_To do_:
The answer should consist of each line below that contains the word "notin".

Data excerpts
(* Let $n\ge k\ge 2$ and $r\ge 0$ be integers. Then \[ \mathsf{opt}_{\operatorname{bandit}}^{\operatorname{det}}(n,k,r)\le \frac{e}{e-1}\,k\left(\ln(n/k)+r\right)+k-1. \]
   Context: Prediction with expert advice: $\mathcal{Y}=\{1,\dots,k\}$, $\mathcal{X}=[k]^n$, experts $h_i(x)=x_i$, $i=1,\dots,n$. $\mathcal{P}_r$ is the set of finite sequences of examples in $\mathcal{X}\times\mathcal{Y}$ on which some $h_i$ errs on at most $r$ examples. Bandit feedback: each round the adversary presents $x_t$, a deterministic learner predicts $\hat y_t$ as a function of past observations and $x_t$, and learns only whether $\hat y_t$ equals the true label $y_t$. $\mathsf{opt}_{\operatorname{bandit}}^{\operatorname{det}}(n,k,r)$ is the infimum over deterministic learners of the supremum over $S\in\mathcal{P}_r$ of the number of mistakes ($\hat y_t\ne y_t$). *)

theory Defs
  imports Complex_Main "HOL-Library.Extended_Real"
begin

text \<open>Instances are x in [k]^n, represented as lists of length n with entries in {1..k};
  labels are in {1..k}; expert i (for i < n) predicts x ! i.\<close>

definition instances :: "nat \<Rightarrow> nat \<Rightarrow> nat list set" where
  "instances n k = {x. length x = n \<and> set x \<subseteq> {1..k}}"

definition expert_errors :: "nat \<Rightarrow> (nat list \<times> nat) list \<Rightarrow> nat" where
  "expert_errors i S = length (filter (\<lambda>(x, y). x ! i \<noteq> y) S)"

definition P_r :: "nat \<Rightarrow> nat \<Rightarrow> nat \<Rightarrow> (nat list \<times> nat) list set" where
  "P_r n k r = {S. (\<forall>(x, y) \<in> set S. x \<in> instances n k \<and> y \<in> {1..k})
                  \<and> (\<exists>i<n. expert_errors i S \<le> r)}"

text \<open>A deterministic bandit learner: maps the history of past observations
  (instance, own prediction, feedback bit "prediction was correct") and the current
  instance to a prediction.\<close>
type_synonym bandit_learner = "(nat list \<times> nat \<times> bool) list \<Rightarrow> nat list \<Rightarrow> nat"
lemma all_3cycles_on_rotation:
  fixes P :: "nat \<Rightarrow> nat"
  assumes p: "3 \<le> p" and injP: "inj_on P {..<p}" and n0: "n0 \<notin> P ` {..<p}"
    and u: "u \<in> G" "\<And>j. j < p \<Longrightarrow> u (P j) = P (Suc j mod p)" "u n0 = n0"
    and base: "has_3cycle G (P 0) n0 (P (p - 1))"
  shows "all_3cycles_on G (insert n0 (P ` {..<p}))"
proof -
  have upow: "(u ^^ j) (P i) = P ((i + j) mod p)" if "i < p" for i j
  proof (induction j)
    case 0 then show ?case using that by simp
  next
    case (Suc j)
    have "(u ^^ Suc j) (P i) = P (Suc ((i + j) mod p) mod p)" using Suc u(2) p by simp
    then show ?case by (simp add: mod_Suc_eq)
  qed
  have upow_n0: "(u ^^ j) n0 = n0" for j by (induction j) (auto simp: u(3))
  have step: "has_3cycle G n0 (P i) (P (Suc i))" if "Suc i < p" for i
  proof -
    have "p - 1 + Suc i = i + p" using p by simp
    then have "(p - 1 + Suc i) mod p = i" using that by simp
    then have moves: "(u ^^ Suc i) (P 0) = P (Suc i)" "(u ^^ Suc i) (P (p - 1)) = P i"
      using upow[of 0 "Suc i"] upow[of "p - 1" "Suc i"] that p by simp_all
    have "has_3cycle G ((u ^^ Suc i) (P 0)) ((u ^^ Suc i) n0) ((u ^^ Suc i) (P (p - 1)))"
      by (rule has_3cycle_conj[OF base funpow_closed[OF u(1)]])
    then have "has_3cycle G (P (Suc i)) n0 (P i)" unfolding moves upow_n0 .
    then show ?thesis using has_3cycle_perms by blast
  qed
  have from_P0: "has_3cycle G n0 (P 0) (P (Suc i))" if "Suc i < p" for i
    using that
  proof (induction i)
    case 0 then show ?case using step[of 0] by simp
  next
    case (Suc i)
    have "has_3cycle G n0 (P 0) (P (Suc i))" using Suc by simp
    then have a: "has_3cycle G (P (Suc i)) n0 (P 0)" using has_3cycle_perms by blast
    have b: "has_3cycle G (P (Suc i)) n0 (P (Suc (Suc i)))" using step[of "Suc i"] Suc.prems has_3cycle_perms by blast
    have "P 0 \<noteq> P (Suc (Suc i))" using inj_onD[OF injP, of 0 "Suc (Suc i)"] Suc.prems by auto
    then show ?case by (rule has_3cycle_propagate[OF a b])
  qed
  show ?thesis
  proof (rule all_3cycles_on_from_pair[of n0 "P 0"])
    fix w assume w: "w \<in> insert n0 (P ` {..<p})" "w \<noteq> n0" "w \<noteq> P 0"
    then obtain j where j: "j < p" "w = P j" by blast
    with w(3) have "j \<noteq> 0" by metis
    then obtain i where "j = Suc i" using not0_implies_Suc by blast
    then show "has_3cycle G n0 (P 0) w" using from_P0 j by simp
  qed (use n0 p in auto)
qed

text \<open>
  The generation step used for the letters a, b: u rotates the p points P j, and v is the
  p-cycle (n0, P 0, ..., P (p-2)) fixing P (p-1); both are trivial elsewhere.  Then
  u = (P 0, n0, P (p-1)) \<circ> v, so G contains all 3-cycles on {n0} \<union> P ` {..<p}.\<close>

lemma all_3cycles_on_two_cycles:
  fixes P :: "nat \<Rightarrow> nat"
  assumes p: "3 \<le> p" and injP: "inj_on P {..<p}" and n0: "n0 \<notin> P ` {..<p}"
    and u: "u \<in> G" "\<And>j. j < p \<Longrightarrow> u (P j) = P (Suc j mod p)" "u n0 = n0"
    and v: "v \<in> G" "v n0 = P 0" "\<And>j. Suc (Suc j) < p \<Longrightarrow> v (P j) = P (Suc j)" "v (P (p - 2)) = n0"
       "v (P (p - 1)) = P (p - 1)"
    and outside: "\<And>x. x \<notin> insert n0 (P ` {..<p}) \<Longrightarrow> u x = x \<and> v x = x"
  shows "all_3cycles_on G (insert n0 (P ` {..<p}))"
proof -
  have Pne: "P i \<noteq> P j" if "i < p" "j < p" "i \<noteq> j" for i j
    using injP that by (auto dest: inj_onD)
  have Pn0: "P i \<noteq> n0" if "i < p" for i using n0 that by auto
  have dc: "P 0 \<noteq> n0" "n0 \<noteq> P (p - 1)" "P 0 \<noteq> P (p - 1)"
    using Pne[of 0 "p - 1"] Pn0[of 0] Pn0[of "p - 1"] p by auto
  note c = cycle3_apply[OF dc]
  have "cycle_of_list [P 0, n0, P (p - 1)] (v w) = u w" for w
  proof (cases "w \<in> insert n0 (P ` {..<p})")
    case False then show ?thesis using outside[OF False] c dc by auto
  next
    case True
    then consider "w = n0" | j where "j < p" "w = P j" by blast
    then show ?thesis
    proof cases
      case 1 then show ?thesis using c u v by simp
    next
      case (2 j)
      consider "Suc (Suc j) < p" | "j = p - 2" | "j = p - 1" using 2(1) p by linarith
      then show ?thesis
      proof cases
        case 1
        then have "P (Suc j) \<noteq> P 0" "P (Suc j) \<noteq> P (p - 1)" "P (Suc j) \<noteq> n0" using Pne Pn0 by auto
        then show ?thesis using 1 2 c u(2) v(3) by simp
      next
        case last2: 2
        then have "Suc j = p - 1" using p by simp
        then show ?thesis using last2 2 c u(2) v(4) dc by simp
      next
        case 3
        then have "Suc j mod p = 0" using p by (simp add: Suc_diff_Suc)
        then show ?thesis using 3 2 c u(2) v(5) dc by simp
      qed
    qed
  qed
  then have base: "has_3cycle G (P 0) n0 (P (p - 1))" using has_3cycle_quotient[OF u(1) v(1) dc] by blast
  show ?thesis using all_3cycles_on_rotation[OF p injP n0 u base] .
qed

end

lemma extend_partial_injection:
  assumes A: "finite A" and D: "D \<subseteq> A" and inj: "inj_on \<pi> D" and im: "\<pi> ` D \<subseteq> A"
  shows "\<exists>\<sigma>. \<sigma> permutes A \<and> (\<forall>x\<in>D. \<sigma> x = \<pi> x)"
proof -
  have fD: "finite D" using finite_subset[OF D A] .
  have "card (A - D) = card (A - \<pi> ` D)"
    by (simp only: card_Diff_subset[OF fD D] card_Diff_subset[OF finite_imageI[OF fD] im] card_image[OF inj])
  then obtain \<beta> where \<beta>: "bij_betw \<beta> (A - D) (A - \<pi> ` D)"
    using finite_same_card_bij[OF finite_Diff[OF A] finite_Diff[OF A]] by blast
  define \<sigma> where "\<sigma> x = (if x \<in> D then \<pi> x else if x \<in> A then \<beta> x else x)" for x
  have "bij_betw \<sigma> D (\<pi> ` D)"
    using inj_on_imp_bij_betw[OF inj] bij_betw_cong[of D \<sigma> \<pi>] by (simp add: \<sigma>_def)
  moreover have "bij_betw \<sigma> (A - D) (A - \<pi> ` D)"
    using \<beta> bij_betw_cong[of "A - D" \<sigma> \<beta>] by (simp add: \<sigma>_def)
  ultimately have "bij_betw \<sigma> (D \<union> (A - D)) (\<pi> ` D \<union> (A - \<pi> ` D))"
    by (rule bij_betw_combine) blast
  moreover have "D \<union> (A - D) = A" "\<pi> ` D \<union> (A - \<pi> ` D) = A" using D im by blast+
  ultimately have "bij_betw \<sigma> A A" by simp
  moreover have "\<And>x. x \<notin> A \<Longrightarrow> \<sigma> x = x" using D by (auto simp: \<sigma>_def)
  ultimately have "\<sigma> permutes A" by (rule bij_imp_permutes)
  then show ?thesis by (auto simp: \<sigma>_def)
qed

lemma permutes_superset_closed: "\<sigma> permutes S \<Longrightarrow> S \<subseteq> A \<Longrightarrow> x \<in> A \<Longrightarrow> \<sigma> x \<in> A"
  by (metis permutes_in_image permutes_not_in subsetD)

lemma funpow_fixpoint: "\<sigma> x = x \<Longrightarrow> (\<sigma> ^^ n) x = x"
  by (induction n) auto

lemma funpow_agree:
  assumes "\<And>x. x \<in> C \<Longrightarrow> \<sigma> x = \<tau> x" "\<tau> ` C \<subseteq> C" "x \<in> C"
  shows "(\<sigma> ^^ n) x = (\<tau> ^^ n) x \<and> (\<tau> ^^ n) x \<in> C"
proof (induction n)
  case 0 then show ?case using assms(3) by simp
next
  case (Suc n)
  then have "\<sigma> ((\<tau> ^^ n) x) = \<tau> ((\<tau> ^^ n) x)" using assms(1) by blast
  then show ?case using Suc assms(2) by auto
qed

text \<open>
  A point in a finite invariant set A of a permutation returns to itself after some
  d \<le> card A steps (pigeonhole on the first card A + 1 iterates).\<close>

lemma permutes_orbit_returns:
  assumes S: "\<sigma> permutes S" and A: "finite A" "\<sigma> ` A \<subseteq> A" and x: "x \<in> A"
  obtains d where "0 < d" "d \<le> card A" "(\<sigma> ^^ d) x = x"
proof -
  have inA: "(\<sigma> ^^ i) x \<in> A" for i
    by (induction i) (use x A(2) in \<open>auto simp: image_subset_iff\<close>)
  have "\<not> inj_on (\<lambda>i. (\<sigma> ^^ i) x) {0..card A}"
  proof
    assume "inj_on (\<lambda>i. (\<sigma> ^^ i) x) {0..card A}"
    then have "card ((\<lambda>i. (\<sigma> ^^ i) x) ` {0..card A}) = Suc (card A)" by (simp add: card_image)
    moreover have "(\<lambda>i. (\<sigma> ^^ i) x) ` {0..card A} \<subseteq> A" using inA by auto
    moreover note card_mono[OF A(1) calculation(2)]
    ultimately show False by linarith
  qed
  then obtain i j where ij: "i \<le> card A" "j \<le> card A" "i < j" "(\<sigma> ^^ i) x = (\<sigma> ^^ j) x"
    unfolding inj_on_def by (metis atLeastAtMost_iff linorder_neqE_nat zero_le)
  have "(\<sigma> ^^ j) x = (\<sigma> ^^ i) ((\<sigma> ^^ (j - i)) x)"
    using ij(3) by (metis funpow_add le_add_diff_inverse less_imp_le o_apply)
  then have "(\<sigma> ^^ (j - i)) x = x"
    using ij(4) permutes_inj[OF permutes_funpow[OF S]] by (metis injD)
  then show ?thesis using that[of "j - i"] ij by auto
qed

_Worked solution_:
  assumes p: "3 \<le> p" and injP: "inj_on P {..<p}" and n0: "n0 \<notin> P ` {..<p}"
  assumes p: "3 \<le> p" and injP: "inj_on P {..<p}" and n0: "n0 \<notin> P ` {..<p}"
    and outside: "\<And>x. x \<notin> insert n0 (P ` {..<p}) \<Longrightarrow> u x = x \<and> v x = x"
  moreover have "\<And>x. x \<notin> A \<Longrightarrow> \<sigma> x = x" using D by (auto simp: \<sigma>_def)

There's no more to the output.